Stochastic Recursive Inclusions under Biased Perturbations: An Input-to-State Stability Perspective
Anik Kumar Paul, Karthik Shenoy, Arun D. Mahindrakar
TL;DR
This work analyzes stochastic recursive inclusions with nonzero persistent bias through the input-to-state stability (ISS) lens of the associated differential inclusion $\dot{x}(t)\in H(x(t))+\bar{B}(0,\epsilon)$. By coupling ISS with Robbins–Monro–type step-sizes and martingale noise, it shows that, when iterates are almost surely bounded, the discrete recursion converges to a neighborhood of equilibria whose radius scales with the bias. A verifiable boundedness condition is provided for the case of a single-valued globally Lipschitz $H$, and the results extend to zeroth-order and biased stochastic gradient methods in nonconvex, convex, and constrained settings. Simulations illustrate the bias–variance tradeoff and validate convergence to neighborhoods controlled by $\epsilon$ under standard PL and Lipschitz assumptions. Overall, the paper offers a unified ISS-based framework for almost-sure convergence of biased stochastic approximation schemes across diverse applications.
Abstract
This paper investigates the asymptotic behavior of stochastic recursive inclusions in the presence of non-zero, non-diminishing bias, a setting that frequently arises in zeroth-order optimization, stochastic approximation with iterate-dependent noise, and distributed learning with adversarial agents.

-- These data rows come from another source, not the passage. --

(* Let $\alpha>1$, $0<\beta<\infty$, $u\in H(\mathbb{D})$ and $\varphi\in S(\mathbb{D})$. Then $uC_\varphi$ maps $\mathcal{B}^\alpha$ boundedly into $\mathcal{Z}_\beta$ if and only if the following three conditions hold: $$\sup_{z\in\mathbb{D}}\frac{(1-|z|^2)^\beta|2u'(z)\varphi'(z)+u(z)\varphi''(z)|}{(1-|\varphi(z)|^2)^\alpha}\asymp\sup_{n\ge0}(n+1)^\alpha\|(2u'\varphi'+u\varphi'')\varphi^n\|_{\nu_\beta}<\infty,$$ $$\sup_{z\in\mathbb{D}}\frac{(1-|z|^2)^\beta|u(z)\varphi'(z)^2|}{(1-|\varphi(z)|^2)^{\alpha+1}}\asymp\sup_{n\ge0}(n+1)^{\alpha+1}\|u(\varphi')^2\varphi^n\|_{\nu_\beta}<\infty,$$ $$\sup_{n\ge0}(n+1)^{\alpha-1}\|u''\varphi^n\|_{\nu_\beta}\asymp\sup_{z\in\mathbb{D}}\frac{(1-|z|^2)^\beta|u''(z)|}{(1-|\varphi(z)|^2)^{\alpha-1}}<\infty.$$
   Context: $\mathbb{D}$ is the open unit disk in $\mathbb{C}$, $H(\mathbb{D})$ the space of holomorphic functions on $\mathbb{D}$, and $S(\mathbb{D})$ the set of holomorphic self-maps of $\mathbb{D}$. For $u\in H(\mathbb{D})$, $\varphi\in S(\mathbb{D})$, the weighted composition operator is $uC_\varphi f(z)=u(z)f(\varphi(z))$. For $\alpha>0$, the Bloch type space $\mathcal{B}^\alpha$ consists of $f\in H(\mathbb{D})$ with $\sup_{z}(1-|z|^2)^\alpha|f'(z)|<\infty$, normed by $|f(0)|+\sup_{z}(1-|z|^2)^\alpha|f'(z)|$. For $\beta>0$, the Zygmund type space $\mathcal{Z}_\beta$ consists of $f\in H(\mathbb{D})$ with $\sup_z(1-|z|^2)^\beta|f''(z)|<\infty$, normed by $\|f\|_{\mathcal{Z}_\beta}=|f(0)|+|f'(0)|+\sup_z(1-|z|^2)^\beta|f''(z)|$. For a holomorphic $g$ on $\mathbb{D}$, $\|g\|_{\nu_\beta}=\sup_{z\in\mathbb{D}}(1-|z|^2)^\beta|g(z)|$; $\varphi^n$ is the $n$-th power of $\varphi$. $A\asymp B$ means $B/C\le A\le CB$ for a positive constant $C$ (independent of $u,\varphi$). *)

theory Defs
  imports "HOL-Analysis.Analysis"
begin

definition disc :: "complex set" where "disc = ball 0 1"

definition self_map :: "(complex \<Rightarrow> complex) \<Rightarrow> bool" where
  "self_map \<phi> \<longleftrightarrow> \<phi> holomorphic_on disc \<and> \<phi> ` disc \<subseteq> disc"

definition bloch_seminorm :: "real \<Rightarrow> (complex \<Rightarrow> complex) \<Rightarrow> ereal" where
  "bloch_seminorm \<alpha> f = (SUP z\<in>disc. ereal ((1 - (cmod z)^2) powr \<alpha> * cmod (deriv f z)))"

definition bloch_space :: "real \<Rightarrow> (complex \<Rightarrow> complex) set" where
  "bloch_space \<alpha> = {f. f holomorphic_on disc \<and> bloch_seminorm \<alpha> f < \<infinity>}"

definition bloch_norm :: "real \<Rightarrow> (complex \<Rightarrow> complex) \<Rightarrow> ereal" where
  "bloch_norm \<alpha> f = ereal (cmod (f 0)) + bloch_seminorm \<alpha> f"

definition zyg_seminorm :: "real \<Rightarrow> (complex \<Rightarrow> complex) \<Rightarrow> ereal" where
  "zyg_seminorm \<beta> f = (SUP z\<in>disc. ereal ((1 - (cmod z)^2) powr \<beta> * cmod (deriv (deriv f) z)))"

definition zygmund_space :: "real \<Rightarrow> (complex \<Rightarrow> complex) set" where
  "zygmund_space \<beta> = {f. f holomorphic_on disc \<and> zyg_seminorm \<beta> f < \<infinity>}"

definition zyg_norm :: "real \<Rightarrow> (complex \<Rightarrow> complex) \<Rightarrow> ereal" where
  "zyg_norm \<beta> f = ereal (cmod (f 0)) + ereal (cmod (deriv f 0)) + zyg_seminorm \<beta> f"

definition nu_norm :: "real \<Rightarrow> (complex \<Rightarrow> complex) \<Rightarrow> ereal" where
  "nu_norm \<beta> g = (SUP z\<in>disc. ereal ((1 - (cmod z)^2) powr \<beta> * cmod (g z)))"

definition wco :: "(complex \<Rightarrow> complex) \<Rightarrow> (complex \<Rightarrow> complex) \<Rightarrow> (complex \<Rightarrow> complex) \<Rightarrow> (complex \<Rightarrow> complex)" where
  "wco u \<phi> f = (\<lambda>z. u z * f (\<phi> z))"

definition bounded_wco_bloch_zyg :: "real \<Rightarrow> real \<Rightarrow> (complex \<Rightarrow> complex) \<Rightarrow> (complex \<Rightarrow> complex) \<Rightarrow> bool" where
  "bounded_wco_bloch_zyg \<alpha> \<beta> u \<phi> \<longleftrightarrow>
     (\<exists>C::real. \<forall>f\<in>bloch_space \<alpha>. wco u \<phi> f \<in> zygmund_space \<beta> \<and>
                 zyg_norm \<beta> (wco u \<phi> f) \<le> ereal C * bloch_norm \<alpha> f)"

definition W1 :: "(complex \<Rightarrow> complex) \<Rightarrow> (complex \<Rightarrow> complex) \<Rightarrow> complex \<Rightarrow> complex" where
  "W1 u \<phi> z = 2 * deriv u z * deriv \<phi> z + u z * deriv (deriv \<phi>) z"

definition W2 :: "(complex \<Rightarrow> complex) \<Rightarrow> (complex \<Rightarrow> complex) \<Rightarrow> complex \<Rightarrow> complex" where
  "W2 u \<phi> z = u z * (deriv \<phi> z)^2"

definition W3 :: "(complex \<Rightarrow> complex) \<Rightarrow> complex \<Rightarrow> complex" where
  "W3 u z = deriv (deriv u) z"

definition sup_ratio :: "real \<Rightarrow> real \<Rightarrow> (complex \<Rightarrow> complex) \<Rightarrow> (complex \<Rightarrow> complex) \<Rightarrow> ereal" where
  "sup_ratio \<beta> \<gamma> \<phi> w = (SUP z\<in>disc. ereal ((1 - (cmod z)^2) powr \<beta> * cmod (w z) / (1 - (cmod (\<phi> z))^2) powr \<gamma>))"

definition sup_power :: "real \<Rightarrow> real \<Rightarrow> (complex \<Rightarrow> complex) \<Rightarrow> (complex \<Rightarrow> complex) \<Rightarrow> ereal" where
  "sup_power \<beta> \<gamma> \<phi> w = (SUP n::nat. ereal ((real n + 1) powr \<gamma>) * nu_norm \<beta> (\<lambda>z. w z * (\<phi> z)^n))"

end

theory Submission
  imports Defs "HOL-Complex_Analysis.Cauchy_Integral_Formula"
begin

text \<open>
  The second derivative of u \<cdot> (f \<circ> \<phi>) is u'' (f \<circ> \<phi>) + (2u'\<phi>' + u\<phi>'') (f' \<circ> \<phi>) + u \<phi>'^2 (f'' \<circ> \<phi>).
  For \<alpha> > 1 every f in the Bloch-type space satisfies |f(w)| \<le> C \<parallel>f\<parallel> (1 - |w|^2)^(1 - \<alpha>),
  |f'(w)| \<le> \<parallel>f\<parallel> (1 - |w|^2)^(-\<alpha>) and, by Cauchy's estimate, |f''(w)| \<le> C \<parallel>f\<parallel> (1 - |w|^2)^(-\<alpha> - 1);
  hence finite ratio suprema make the operator bounded.

  Conversely, applying the operator to 1, z and z^2 bounds the three weights themselves, and applying
  it to combinations of the kernels (1 - cnj(a) w)^(-(\<alpha> - 1 + k)), k \<le> 2, with a = \<phi>(z), chosen so
  that at w = a only f, f' or f'' survives, bounds each weight by the matching power of
  1 - |\<phi>(z)|^2 where |\<phi>(z)| \<ge> 1/2; where |\<phi>(z)| < 1/2 the bounds from the polynomials suffice.

  Finally sup_n (n + 1)^\<gamma> x^n is comparable to (1 - x^2)^(-\<gamma>) uniformly in 0 \<le> x < 1, which makes
  every ratio supremum comparable to the corresponding power supremum.
\<close>

section \<open>Powers against the weight \<open>1 - x\<^sup>2\<close>\<close>

lemma one_minus_sq_le_twice_one_minus:
  fixes x :: real
  assumes "0 \<le> x" and "x \<le> 1"
  shows "1 - x\<^sup>2 \<le> 2 * (1 - x)"
proof -
  have "1 - x\<^sup>2 = (1 - x) * (1 + x)" by (simp add: power2_eq_square algebra_simps)
  also have "\<dots> \<le> (1 - x) * 2" using assms by (intro mult_left_mono) auto
  finally show ?thesis by simp
qed

lemma powr_mult_power_le_max_powr:
  fixes x \<gamma> :: real
  assumes "\<gamma> > 0" and "0 \<le> x" and "x < 1"
  shows "((real n + 1) * (1 - x)) powr \<gamma> * x ^ n \<le> max \<gamma> 1 powr \<gamma>"
proof -
  define q where "q = max \<gamma> 1"
  define t where "t = 1 - x"
  have q1: "q \<ge> 1" and "\<gamma> / q \<le> 1" unfolding q_def by auto
  have t0: "t > 0" and t1: "t \<le> 1" using assms unfolding t_def by auto
  have "(real n + 1) * t \<le> q * (1 + n * t / q)"
    using q1 t0 t1 by (simp add: algebra_simps)
  also have "\<dots> \<le> q * exp (n * t / q)"
    using q1 exp_ge_add_one_self[of "n * t / q"] by simp
  finally have "((real n + 1) * t) powr \<gamma> \<le> (q * exp (n * t / q)) powr \<gamma>"
    using t0 assms(1) by (intro powr_mono2) auto
  also have "\<dots> = q powr \<gamma> * exp ((\<gamma> / q) * (n * t))"
    using q1 by (simp add: powr_def ln_mult exp_add algebra_simps)
  also have "\<dots> \<le> q powr \<gamma> * exp (n * t)"
  proof -
    have "(\<gamma> / q) * (n * t) \<le> n * t"
      using \<open>\<gamma> / q \<le> 1\<close> q1 t0 assms(1) by (intro mult_left_le_one_le) auto
    then show ?thesis by (intro mult_left_mono) auto
  qed
  finally have growth: "((real n + 1) * t) powr \<gamma> \<le> q powr \<gamma> * exp (n * t)" .
  have "x ^ n \<le> exp (x - 1) ^ n"
    using assms(2) exp_ge_add_one_self[of "x - 1"] by (intro power_mono) auto
  also have "\<dots> = exp (- (n * t))"
    unfolding t_def by (simp add: exp_of_nat_mult[symmetric] algebra_simps)
  finally have decay: "x ^ n \<le> exp (- (n * t))" .
  have "((real n + 1) * t) powr \<gamma> * x ^ n \<le> q powr \<gamma> * exp (n * t) * exp (- (n * t))"
    using growth decay assms(2) by (intro mult_mono) auto
  also have "\<dots> = q powr \<gamma>" by (simp add: exp_minus)
  finally show ?thesis by (simp add: q_def t_def)
qed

The analysis is conducted through the lens of input-to-state stability of an associated differential inclusion, which serves as the continuous-time limit of the discrete recursion. We first establish that if the limiting differential inclusion is input-to-state stable and the iterates remain almost surely bounded, then the iterates converge almost surely to the neighborhood of desired equilibrium. We then provide a verifiable sufficient condition for almost sure boundedness by assuming that the underlying operator is single-valued and globally Lipschitz. Finally, we show that several zeroth-order variants of stochastic gradient naturally fit within this framework, and we demonstrate their input-to-state stability under standard conditions. Overall, the results provide a unified theoretical foundation for studying almost sure convergence of biased stochastic approximation schemes through the Input to State stability theory of differential inclusions.